Work order
Only one portion of the data is to be written out: from the line bearing "finally show ?thesis ." through the line bearing "continuous_on S p". Write it exactly as it appears.

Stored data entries
lemma continuous_nonneg_set_integral_eq_0:
  fixes f :: "real \<Rightarrow> real"
  assumes cont: "continuous_on {0<..} f" and nonneg: "\<And>x. 0 < x \<Longrightarrow> 0 \<le> f x"
    and int: "set_integrable lborel {0<..} f" and zero: "(LINT x:{0<..}|lborel. f x) = 0"
    and x0: "0 < x0"
  shows "f x0 = 0"
proof -
  let ?B = "{x0 / 2 .. 2 * x0}"
  have B: "?B \<subseteq> {0<..}"
    using x0 by auto
  have "AE x in lborel. indicator {0<..} x *\<^sub>R f x = 0"
    using int zero nonneg unfolding set_integrable_def set_lebesgue_integral_def
    by (subst integral_nonneg_eq_0_iff_AE[symmetric]) (auto simp: indicator_def)
  then have ae: "AE x \<in> {x0 / 2 <..< 2 * x0} in lebesgue. x \<in> {x \<in> ?B. f x = 0}"
    by (rule AE_completion[THEN eventually_mono]) (use B in \<open>auto simp: indicator_def\<close>)
  have closed: "closed {x \<in> ?B. f x = 0}"
    by (intro continuous_closed_preimage_constant continuous_on_subset[OF cont B]) simp
  have "x0 \<in> {x \<in> ?B. f x = 0}"
    using x0 by (intro mem_closed_if_AE_lebesgue_open[OF open_greaterThanLessThan closed ae]) auto
  then show ?thesis by simp
qed

definition moment_majorant :: "real \<Rightarrow> real \<Rightarrow> real \<Rightarrow> real" where
  "moment_majorant b a x = min (1 / b) (min (1 / x) (a / x\<^sup>2))"

lemma moment_majorant_nonneg: "0 < b \<Longrightarrow> 0 < a \<Longrightarrow> 0 < x \<Longrightarrow> 0 \<le> moment_majorant b a x"
  by (simp add: moment_majorant_def)

lemma moment_majorant_eq_left:
  assumes "0 < x" and "x \<le> b" and "b \<le> a"
  shows "moment_majorant b a x = 1 / b"
proof -
  have "x\<^sup>2 \<le> b * a"
    using mult_mono[OF assms(2) order_trans[OF assms(2,3)]] assms(1,2) by (simp add: power2_eq_square)
  then have "1 / b \<le> a / x\<^sup>2"
    using assms by (simp add: field_simps)
  moreover have "1 / b \<le> 1 / x"
    using assms by (simp add: frac_le)
  ultimately show ?thesis
    by (simp add: moment_majorant_def)
qed

lemma moment_majorant_eq_middle:
  assumes "0 < b" and "b \<le> x" and "x \<le> a"
  shows "moment_majorant b a x = 1 / x"
  using assms by (auto simp: moment_majorant_def power2_eq_square field_simps)

lemma moment_majorant_eq_right:
  assumes "0 < b" and "b \<le> a" and "a \<le> x"
  shows "moment_majorant b a x = a / x\<^sup>2"
proof -
  have "a / x\<^sup>2 \<le> x / x\<^sup>2"
    using assms by (simp add: divide_right_mono)
  also have "\<dots> = 1 / x"
    by (simp add: power2_eq_square)
  finally have "a / x\<^sup>2 \<le> 1 / x" .
  moreover have "1 / x \<le> 1 / b"
    using assms by (simp add: frac_le)
  ultimately show ?thesis
    by (simp add: moment_majorant_def)
qed

lemma moment_majorant_has_integral:
  assumes b: "0 < b" and ba: "b \<le> a"
  shows "(moment_majorant b a has_integral (2 + ln a - ln b)) {0<..}"
proof -
  have "(moment_majorant b a has_integral 1) {0..b}"
  proof (rule has_integral_spike[of "{0}"])
    show "((\<lambda>x. 1 / b) has_integral 1) {0..b}"
      using has_integral_const_real[of "1 / b" 0 b] b by simp
  qed (use ba moment_majorant_eq_left in auto)
  moreover have "(moment_majorant b a has_integral (ln a - ln b)) {b..a}"
  proof (rule has_integral_eq[rotated])
    show "((\<lambda>x. 1 / x) has_integral (ln a - ln b)) {b..a}"
      using ba b by (intro fundamental_theorem_of_calculus)
        (auto intro!: derivative_eq_intros simp: field_simps
          simp flip: has_real_derivative_iff_has_vector_derivative)
  qed (use b moment_majorant_eq_middle in auto)
  moreover have "(moment_majorant b a has_integral 1) {a..}"
  proof (rule has_integral_eq[rotated])
    show "((\<lambda>x. a * (1 / x\<^sup>2)) has_integral 1) {a..}"
      using has_integral_mult_right[OF has_integral_inverse_power_to_inf[of 2 a], of a] b ba by simp
  qed (use b ba moment_majorant_eq_right in auto)
  ultimately have "(moment_majorant b a has_integral (1 + (ln a - ln b) + 1)) ({0..b} \<union> {b..a} \<union> {a..})"
  proof (intro has_integral_Un)
    show "negligible (({0..b} \<union> {b..a}) \<inter> {a..})"
      by (rule negligible_subset[of "{a}"]) (use ba in auto)
    show "negligible ({0..b} \<inter> {b..a})"
      by (rule negligible_subset[of "{b}"]) auto
  qed
  moreover have "{0..b} \<union> {b..a} \<union> {a..} = {0..}"
    using b ba by auto
  moreover have "(moment_majorant b a has_integral (2 + ln a - ln b)) {0<..} \<longleftrightarrow>
      (moment_majorant b a has_integral (2 + ln a - ln b)) {0..}"
  proof (rule has_integral_spike_set_eq)
    show "negligible {x \<in> {0<..} - {0..}. moment_majorant b a x \<noteq> 0}"
      by (rule negligible_subset[of "{}"]) auto
    show "negligible {x \<in> {0..} - {0<..}. moment_majorant b a x \<noteq> 0}"
      by (rule negligible_subset[of "{0}"]) auto
  qed
  ultimately show ?thesis
    by (simp add: algebra_simps)
qed
lemma conic_moves_to_std_x_split:
  assumes "c$4 = 0" "c$5 = 0" "c$1 \<noteq> 0" "conic_disc c \<noteq> 0"
  shows "conic_move\<^sup>*\<^sup>* c std_conic"
proof (cases "c$2 = 0")
  case False
  then show ?thesis using assms conic_moves_to_std_x_split_y2_ne_0 by blast
next
  case True
  then have "c$6 \<noteq> 0" using assms by (auto simp: conic_disc_def)
  then obtain t where t: "t^2 * c$3 + t * c$6 \<noteq> 0"
    using ex_nonroot_quadratic by blast
  define c' where "c' = conic_pullback (elementary 3 2 t) c"
  have "c'$1 = c$1" "c'$2 \<noteq> 0" "c'$4 = 0" "c'$5 = 0"
    using assms True t by (simp_all add: c'_def conic_pullback_elementary)
  moreover have "conic_disc c' \<noteq> 0"
    unfolding c'_def by (rule conic_disc_pullback_elementary) (simp_all add: assms)
  ultimately have "conic_move\<^sup>*\<^sup>* c' std_conic"
    using assms by (intro conic_moves_to_std_x_split_y2_ne_0) auto
  then show ?thesis
    unfolding c'_def by (rule conic_moves_elementaryI[rotated]) simp
qed

text \<open>Completing the square in x.\<close>
lemma conic_moves_to_std_x2_ne_0:
  assumes "c$1 \<noteq> 0" "conic_disc c \<noteq> 0"
  shows "conic_move\<^sup>*\<^sup>* c std_conic"
proof -
  define c' where "c' = conic_pullback (elementary 1 2 (- c$4 / (2 * c$1))) c"
  define c'' where "c'' = conic_pullback (elementary 1 3 (- c'$5 / (2 * c'$1))) c'"
  have c': "c'$1 = c$1" "c'$4 = 0"
    using assms by (simp_all add: c'_def conic_pullback_elementary)
  have "c''$1 = c$1" "c''$4 = 0" "c''$5 = 0"
    using assms c' by (simp_all add: c''_def conic_pullback_elementary)
  moreover have "conic_disc c'' \<noteq> 0"
    unfolding c''_def c'_def by (intro conic_disc_pullback_elementary) (simp_all add: assms)
  ultimately have "conic_move\<^sup>*\<^sup>* c'' std_conic"
    using assms by (intro conic_moves_to_std_x_split) auto
  then have "conic_move\<^sup>*\<^sup>* c' std_conic"
    unfolding c''_def by (rule conic_moves_elementaryI[rotated]) simp
  then show ?thesis
    unfolding c'_def by (rule conic_moves_elementaryI[rotated]) simp
qed

lemma conic_moves_to_std:
  assumes "conic_disc c \<noteq> 0"
  shows "conic_move\<^sup>*\<^sup>* c std_conic"
proof (cases "c$1 = 0")
  case False
  then show ?thesis using assms by (rule conic_moves_to_std_x2_ne_0)
next
  case True
  obtain k t where k: "k \<noteq> 1" and x2: "(conic_pullback (elementary k 1 t) c)$1 \<noteq> 0"
  proof (cases "c$4 = 0")
    case False
    then obtain t where "t^2 * c$2 + t * c$4 \<noteq> 0" using ex_nonroot_quadratic by blast
    then show ?thesis using True by (intro that[of 2 t]) (simp_all add: conic_pullback_elementary)
  next
    case c4: True
    then have "c$5 \<noteq> 0" using assms True by (auto simp: conic_disc_def)
    then obtain t where "t^2 * c$3 + t * c$5 \<noteq> 0" using ex_nonroot_quadratic by blast
    then show ?thesis using True by (intro that[of 3 t]) (simp_all add: conic_pullback_elementary)
  qed
  have "conic_disc (conic_pullback (elementary k 1 t) c) \<noteq> 0"
    using k assms by (intro conic_disc_pullback_elementary) auto
  with x2 have "conic_move\<^sup>*\<^sup>* (conic_pullback (elementary k 1 t) c) std_conic"
    by (rule conic_moves_to_std_x2_ne_0)
  then show ?thesis
    by (rule conic_moves_elementaryI[OF disjI1[OF k]])
qed

definition tuple_move :: "complex^6^'d::finite \<Rightarrow> complex^6^'d \<Rightarrow> bool" where
  "tuple_move y z \<longleftrightarrow>
     (\<exists>i f n. 1 + dot3 n f \<noteq> 0 \<and> z = pullback_block i (mat 1 + outer f n) y)"

lemma symp_tuple_move: "symp tuple_move"
proof (rule sympI)
  fix y z :: "complex^6^'d"
  assume "tuple_move y z"
  then obtain i f n where nondeg: "1 + dot3 n f \<noteq> 0"
    and z: "z = pullback_block i (mat 1 + outer f n) y"
    unfolding tuple_move_def by blast
  have "y = pullback_block i (mat 1 + outer (rank_one_inv f n) n) z"
    by (simp add: z pullback_block_pullback_block rank_one_update_inverse(1)[OF nondeg]
        pullback_block_id)
  then show "tuple_move z y"
    unfolding tuple_move_def using rank_one_inv_nondegenerate[OF nondeg] by blast
qed

lemma tuple_moves_if_conic_moves:
  "conic_move\<^sup>*\<^sup>* (y$i) c \<Longrightarrow> tuple_move\<^sup>*\<^sup>* y (\<chi> l. if l = i then c else y$l)"
proof (induction rule: rtranclp_induct)
  case base
  have "(\<chi> l. if l = i then y$i else y$l) = y" by (simp add: vec_eq_iff)
  then show ?case by simp
next
  case (step c c')
  then obtain f n where "1 + dot3 n f \<noteq> 0" "c' = conic_pullback (mat 1 + outer f n) c"
    unfolding conic_move_def by blast
  then have "tuple_move (\<chi> l. if l = i then c else y$l) (\<chi> l. if l = i then c' else y$l)"
    unfolding tuple_move_def pullback_block_def by (intro exI[of _ i]) (auto simp: vec_eq_iff)
  with step.IH show ?case by simp
qed

lemma tuple_moves_to_std:
  fixes y :: "complex^6^'d::finite"
  assumes "\<forall>l. conic_disc (y$l) \<noteq> 0"
  shows "tuple_move\<^sup>*\<^sup>* y (\<chi> l. std_conic)"
proof -
  have "tuple_move\<^sup>*\<^sup>* y (\<chi> l. if l \<in> I then std_conic else y$l)" if "finite I" for I
    using that
  proof (induction rule: finite_induct)
    case empty
    then show ?case by (simp add: vec_lambda_eta)
  next
    case (insert i I)
    let ?z = "\<chi> l. if l \<in> I then std_conic else y$l"
    have "conic_move\<^sup>*\<^sup>* (?z$i) std_conic"
      using insert.hyps(2) assms conic_moves_to_std by simp
    then have "tuple_move\<^sup>*\<^sup>* ?z (\<chi> l. if l = i then std_conic else ?z$l)"
      by (rule tuple_moves_if_conic_moves)
    moreover have "(\<chi> l. if l = i then std_conic else ?z$l) =
        (\<chi> l. if l \<in> insert i I then std_conic else y$l)"
      by (simp add: vec_eq_iff)
    ultimately show ?case
      using insert.IH by simp
  qed
  from this[of UNIV] show ?thesis by simp
qed

lemma ratio_preserving_if_tuple_moves:
  assumes "polyfun P" "polyfun Q" "Q a \<noteq> 0" "camera_invariant P Q"
  shows "tuple_move\<^sup>*\<^sup>* y z \<Longrightarrow> \<exists>T. ratio_preserving P Q T \<and> T y = z"
proof (induction rule: rtranclp_induct)
  case base
  show ?case using ratio_preserving_id by blast
next
  case (step z w)
  then obtain T where T: "ratio_preserving P Q T" "T y = z" by blast
  from step.hyps(2) obtain i f n where "1 + dot3 n f \<noteq> 0"
    and w: "w = pullback_block i (mat 1 + outer f n) z"
    unfolding tuple_move_def by blast
  then have "ratio_preserving P Q (pullback_block i (mat 1 + outer f n) \<circ> T)"
    by (intro ratio_preserving_comp[OF assms(1-3) T(1)] ratio_preserving_pullback_block[OF assms])
  then show ?case using T(2) w by auto
qed

lemma camera_invariant_cross_eq:
  assumes P: "polyfun P" and Q: "polyfun Q" and "Q a \<noteq> 0" and "camera_invariant P Q"
  shows "P y * Q y' = P y' * Q y"
proof -
  have both_nondegenerate: "P y * Q y' = P y' * Q y"
    if "tuple_disc y \<noteq> 0" "tuple_disc y' \<noteq> 0" for y y'
  proof -
    have "tuple_move\<^sup>*\<^sup>* y (\<chi> l. std_conic)" "tuple_move\<^sup>*\<^sup>* y' (\<chi> l. std_conic)"
      using that by (simp_all add: tuple_moves_to_std tuple_disc_ne_0_iff)
    then have "tuple_move\<^sup>*\<^sup>* y y'"
      using sympD[OF symp_rtranclp[OF symp_tuple_move]] by (metis rtranclp_trans)
    then obtain T where "ratio_preserving P Q T" "T y = y'"
      using ratio_preserving_if_tuple_moves[OF assms] by blast
    then show ?thesis by (auto simp: ratio_preserving_def)
  qed
  have cross_poly: "polyfun (\<lambda>y. P y * Q y' - P y' * Q y)" for y'
    by (intro polyfun_diff polyfun.pf_mult P Q polyfun.pf_const)
  have right_nondegenerate: "P y * Q y' = P y' * Q y" if "tuple_disc y' \<noteq> 0" for y y'
    using polyfun_eq_0_if_eq_0_off_zeros[OF polyfun_tuple_disc cross_poly tuple_disc_std_conic]
      both_nondegenerate that by simp
  have "P y' * Q y - P y * Q y' = 0"
    using polyfun_eq_0_if_eq_0_off_zeros[OF polyfun_tuple_disc cross_poly tuple_disc_std_conic]
      right_nondegenerate by simp
  then show ?thesis by simp
qed

theorem mainTheorem3:
  fixes P Q :: "complex^6^'d::finite \<Rightarrow> complex"
  assumes rat: "rational_fun P Q"
    and inv: "\<And>(M :: 'd \<Rightarrow> complex^3^4) (A :: 'd \<Rightarrow> complex^3^3) C C' (c :: complex^6^'d) c'.
       (\<forall>i. space_conic (M i) (A i)) \<Longrightarrow> camera C \<Longrightarrow> camera C' \<Longrightarrow>
       (\<forall>i. center_off_plane C (M i) \<and> center_off_plane C' (M i)) \<Longrightarrow>
       (\<forall>i. is_image_conic (c $ i) C (M i) (A i) \<and> is_image_conic (c' $ i) C' (M i) (A i)) \<Longrightarrow>
       Q c \<noteq> 0 \<Longrightarrow> Q c' \<noteq> 0 \<Longrightarrow> P c / Q c = P c' / Q c'"
  shows "\<exists>k. \<forall>y. Q y \<noteq> 0 \<longrightarrow> P y / Q y = k"
proof -
  have "polyfun P" "polyfun Q" using rat by (auto simp: rational_fun_def)
  obtain a where "Q a \<noteq> 0" using rat by (auto simp: rational_fun_def)
  have "camera_invariant P Q"
    unfolding camera_invariant_def using inv by blast
  then have "P y * Q a = P a * Q y" for y
    by (rule camera_invariant_cross_eq[OF \<open>polyfun P\<close> \<open>polyfun Q\<close> \<open>Q a \<noteq> 0\<close>])
  then have "P y / Q y = P a / Q a" if "Q y \<noteq> 0" for y
    using that \<open>Q a \<noteq> 0\<close> by (simp add: field_simps)
  then show ?thesis by blast
qed

end
section \<open>Sharpness of the exponent\<close>

definition sharp_a :: "nat \<Rightarrow> real" where
  "sharp_a k = (if k = 1 then 2 else 0)"

definition sharp_point :: "nat \<Rightarrow> complex" where
  "sharp_point k = (if k = 0 then 1 else 0)"

definition sharp_path :: "real \<Rightarrow> nat \<Rightarrow> complex" where
  "sharp_path t k = (if k = 0 then sqrt (1 - t) else if k = 1 then sqrt t else 0)"

lemma sum_lessThan_2: "(\<Sum>k<(2::nat). f k) = f 0 + (f 1 :: real)"
  by (simp add: numeral_2_eq_2)

lemma sqmod_sharp_path:
  assumes "0 \<le> t" "t \<le> 1"
  shows "sqmod (sharp_path t) 0 = 1 - t" "sqmod (sharp_path t) 1 = t"
  using assms by (simp_all add: sqmod_def sharp_path_def)

lemma sharp_path_csphere: "0 \<le> t \<Longrightarrow> t \<le> 1 \<Longrightarrow> sharp_path t \<in> csphere 2"
  using sqmod_sharp_path unfolding csphere_def sum_lessThan_2 by (simp add: sqmod_def)

lemma sharp_point_stationary: "stationary 2 sharp_a 1 sharp_point"
proof -
  have "lam 2 sharp_a 1 sharp_point = 1"
    unfolding lam_eq_sum_sqmod sum_lessThan_2 by (simp add: sqmod_def sharp_point_def sharp_a_def)
  then show ?thesis
    unfolding stationary_def csphere_def gradnorm_eq_simplex_residual simplex_residual_def
      sum_lessThan_2
    by (simp add: sqmod_def sharp_point_def sharp_a_def)
qed

lemma fobj_sharp_path:
  assumes "0 \<le> t" "t \<le> 1"
  shows "fobj 2 sharp_a 1 (sharp_path t) - fobj 2 sharp_a 1 sharp_point = t\<^sup>2"
  unfolding fobj_eq_simplex_obj simplex_obj_def sum_lessThan_2 sqmod_sharp_path[OF assms]
  by (simp add: sqmod_def sharp_point_def sharp_a_def power2_eq_square field_simps)

lemma gradnorm_sharp_path_le:
  assumes "0 \<le> t" "t \<le> 1"
  shows "gradnorm 2 sharp_a 1 (sharp_path t) \<le> 4 * t powr (3/2)"
proof -
  have lam: "lam 2 sharp_a 1 (sharp_path t) = 1 - t + 2 * t\<^sup>2"
    unfolding lam_eq_sum_sqmod sum_lessThan_2 sqmod_sharp_path[OF assms]
    by (simp add: sharp_a_def power2_eq_square algebra_simps)
  have "gradnorm 2 sharp_a 1 (sharp_path t) = sqrt 2 * sqrt (4 * t ^ 3 * (1 - t))"
    unfolding gradnorm_eq_simplex_residual lam simplex_residual_def sum_lessThan_2
      sqmod_sharp_path[OF assms]
    by (simp add: sharp_a_def power2_eq_square power3_eq_cube algebra_simps)
  also have "\<dots> \<le> 2 * sqrt (4 * t ^ 3)"
  proof -
    have "sqrt (4 * t ^ 3 * (1 - t)) \<le> sqrt (4 * t ^ 3)"
      using assms by (intro real_sqrt_le_mono) (simp add: mult_left_le)
    then show ?thesis using real_sqrt_le_mono[of 2 4] assms by (intro mult_mono) simp_all
  qed
  also have "\<dots> = 4 * t powr (3/2)"
    using assms by (simp add: real_sqrt_mult powr_half_sqrt_powr)
  finally show ?thesis .
qed
(* Let $\Sigma$ be a mirror curve of a toric Calabi-Yau threefold, written in the form $1+x+y+\sum_{i=1}^k r_i x^{m_i}y^{n_i}=0$ in $(\mathbb{C}^* )^2$ for some integers $m_i,n_i$ and parameters $r_i$, and for an integer $f$ let $\Sigma_f$ be the framed curve $1+XY^{-f}+Y+\sum_{i=1}^k r_i (XY^{-f})^{m_i}Y^{n_i}=0$ in $(\mathbb{C}^* )^2$. Then there are at most finitely many values of $f$ for which the map $X:\Sigma_f\to\mathbb{C}^*$ fails to be a branched covering; i.e. for generic framing $f$, $X:\Sigma_f\to\mathbb{C}^*$ is a branched covering. *)

theory Defs
  imports "HOL-Analysis.Analysis"
begin

text \<open>Branched covering (topological version, as for maps between Riemann surfaces):
  a continuous, surjective, proper map with finite fibres which is an (unbranched)
  covering map away from a discrete, closed branch locus D in the base.\<close>
definition branched_covering ::
  "('a::topological_space) set \<Rightarrow> ('a \<Rightarrow> 'b::topological_space) \<Rightarrow> 'b set \<Rightarrow> bool" where
  "branched_covering S p T \<longleftrightarrow>
     continuous_on S p \<and> p ` S = T \<and>
     (\<forall>K. K \<subseteq> T \<and> compact K \<longrightarrow> compact {z\<in>S. p z \<in> K}) \<and>
     (\<forall>t\<in>T. finite {z\<in>S. p z = t}) \<and>
     (\<exists>D. D \<subseteq> T \<and> D sparse_in T \<and> covering_space (S - p -` D) p (T - D))"

definition mirror_exponents :: "nat \<Rightarrow> (nat \<Rightarrow> int) \<Rightarrow> (nat \<Rightarrow> int) \<Rightarrow> (int \<times> int) set" where
  "mirror_exponents k m n = {(0,0),(1,0),(0,1)} \<union> (\<lambda>i. (m i, n i)) ` {1..k}"

text \<open>Mirror curve of a toric CY3: the monomials are exactly the lattice points of
  the (toric diagram) convex lattice polygon they span, each appearing once.\<close>
definition toric_mirror_data :: "nat \<Rightarrow> (nat \<Rightarrow> int) \<Rightarrow> (nat \<Rightarrow> int) \<Rightarrow> bool" where
  "toric_mirror_data k m n \<longleftrightarrow>
     inj_on (\<lambda>i. (m i, n i)) {1..k} \<and>
     (\<forall>i\<in>{1..k}. (m i, n i) \<notin> {(0,0),(1,0),(0,1)}) \<and>
     mirror_exponents k m n =
       {(a,b). (real_of_int a, real_of_int b) \<in>
          convex hull ((\<lambda>(a,b). (real_of_int a, real_of_int b)) ` mirror_exponents k m n)}"

definition framed_curve ::
  "nat \<Rightarrow> (nat \<Rightarrow> int) \<Rightarrow> (nat \<Rightarrow> int) \<Rightarrow> (nat \<Rightarrow> complex) \<Rightarrow> int \<Rightarrow> (complex \<times> complex) set" where
  "framed_curve k m n r f =
     {(X, Y). X \<noteq> 0 \<and> Y \<noteq> 0 \<and>
        1 + X * Y powi (-f) + Y + (\<Sum>i=1..k. r i * (X * Y powi (-f)) powi (m i) * Y powi (n i)) = 0}"

end

theory Submission
  imports
    Defs
    "HOL-Computational_Algebra.Field_as_Ring"
    "HOL-Computational_Algebra.Fundamental_Theorem_Algebra"
    "Subresultants.Subresultant_Gcd"
begin

text \<open>
  Framing \<open>x = X Y\<^bsup>-f\<^esup>\<close> sends the monomial \<open>x\<^sup>a y\<^sup>b\<close> of the mirror curve to \<open>X\<^sup>a Y\<^bsup>b - f a\<^esup>\<close>.
  Unless \<open>f\<close> is one of the finitely many slopes \<open>(b - b') / (a - a')\<close> between exponents
  of the curve, the sheared \<open>Y\<close>-exponents \<open>b - f a\<close> are pairwise distinct. Clearing
  denominators then turns \<open>\<Sigma>\<^sub>f\<close> into the zero set in \<open>(\<complex>\<^sup>*)\<^sup>2\<close> of a polynomial \<open>P(X)(Y)\<close>
  of positive degree in \<open>Y\<close> whose \<open>Y\<close>-coefficients are single monomials in \<open>X\<close>; in
  particular its leading and constant coefficients never vanish on \<open>\<complex>\<^sup>*\<close>.

  The bulk of the file proves that for every such \<open>P\<close> the projection to \<open>X\<close> is a
  branched covering of \<open>\<complex>\<^sup>*\<close>: fibres are root sets of the slices \<open>P(x)\<close>, hence finite;
  Cauchy's root bounds confine the curve over a compact set to an annulus in \<open>Y\<close>, which
  gives properness; and away from the finitely many zeros of
  \<open>Res(R, R') \<cdot> lc(R) \<cdot> lc(R')\<close>, with \<open>R\<close> the squarefree part of \<open>P\<close>, all roots are simple
  and move continuously, so the curve is locally a disjoint union of graphs, i.e. a
  covering.
\<close>

text \<open>A bivariate polynomial is viewed as a polynomial in \<open>y\<close> whose coefficients are
  polynomials in \<open>x\<close>.\<close>
definition slice :: "'a::idom \<Rightarrow> 'a poly poly \<Rightarrow> 'a poly" where
  "slice x P = map_poly (\<lambda>c. poly c x) P"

Output
  finally show ?thesis .
qed
(* Let $\Sigma$ be a mirror curve of a toric Calabi-Yau threefold, written in the form $1+x+y+\sum_{i=1}^k r_i x^{m_i}y^{n_i}=0$ in $(\mathbb{C}^* )^2$ for some integers $m_i,n_i$ and parameters $r_i$, and for an integer $f$ let $\Sigma_f$ be the framed curve $1+XY^{-f}+Y+\sum_{i=1}^k r_i (XY^{-f})^{m_i}Y^{n_i}=0$ in $(\mathbb{C}^* )^2$. Then there are at most finitely many values of $f$ for which the map $X:\Sigma_f\to\mathbb{C}^*$ fails to be a branched covering; i.e. for generic framing $f$, $X:\Sigma_f\to\mathbb{C}^*$ is a branched covering. *)

theory Defs
  imports "HOL-Analysis.Analysis"
begin

text \<open>Branched covering (topological version, as for maps between Riemann surfaces):
  a continuous, surjective, proper map with finite fibres which is an (unbranched)
  covering map away from a discrete, closed branch locus D in the base.\<close>
definition branched_covering ::
  "('a::topological_space) set \<Rightarrow> ('a \<Rightarrow> 'b::topological_space) \<Rightarrow> 'b set \<Rightarrow> bool" where
  "branched_covering S p T \<longleftrightarrow>
     continuous_on S p \<and> p ` S = T \<and>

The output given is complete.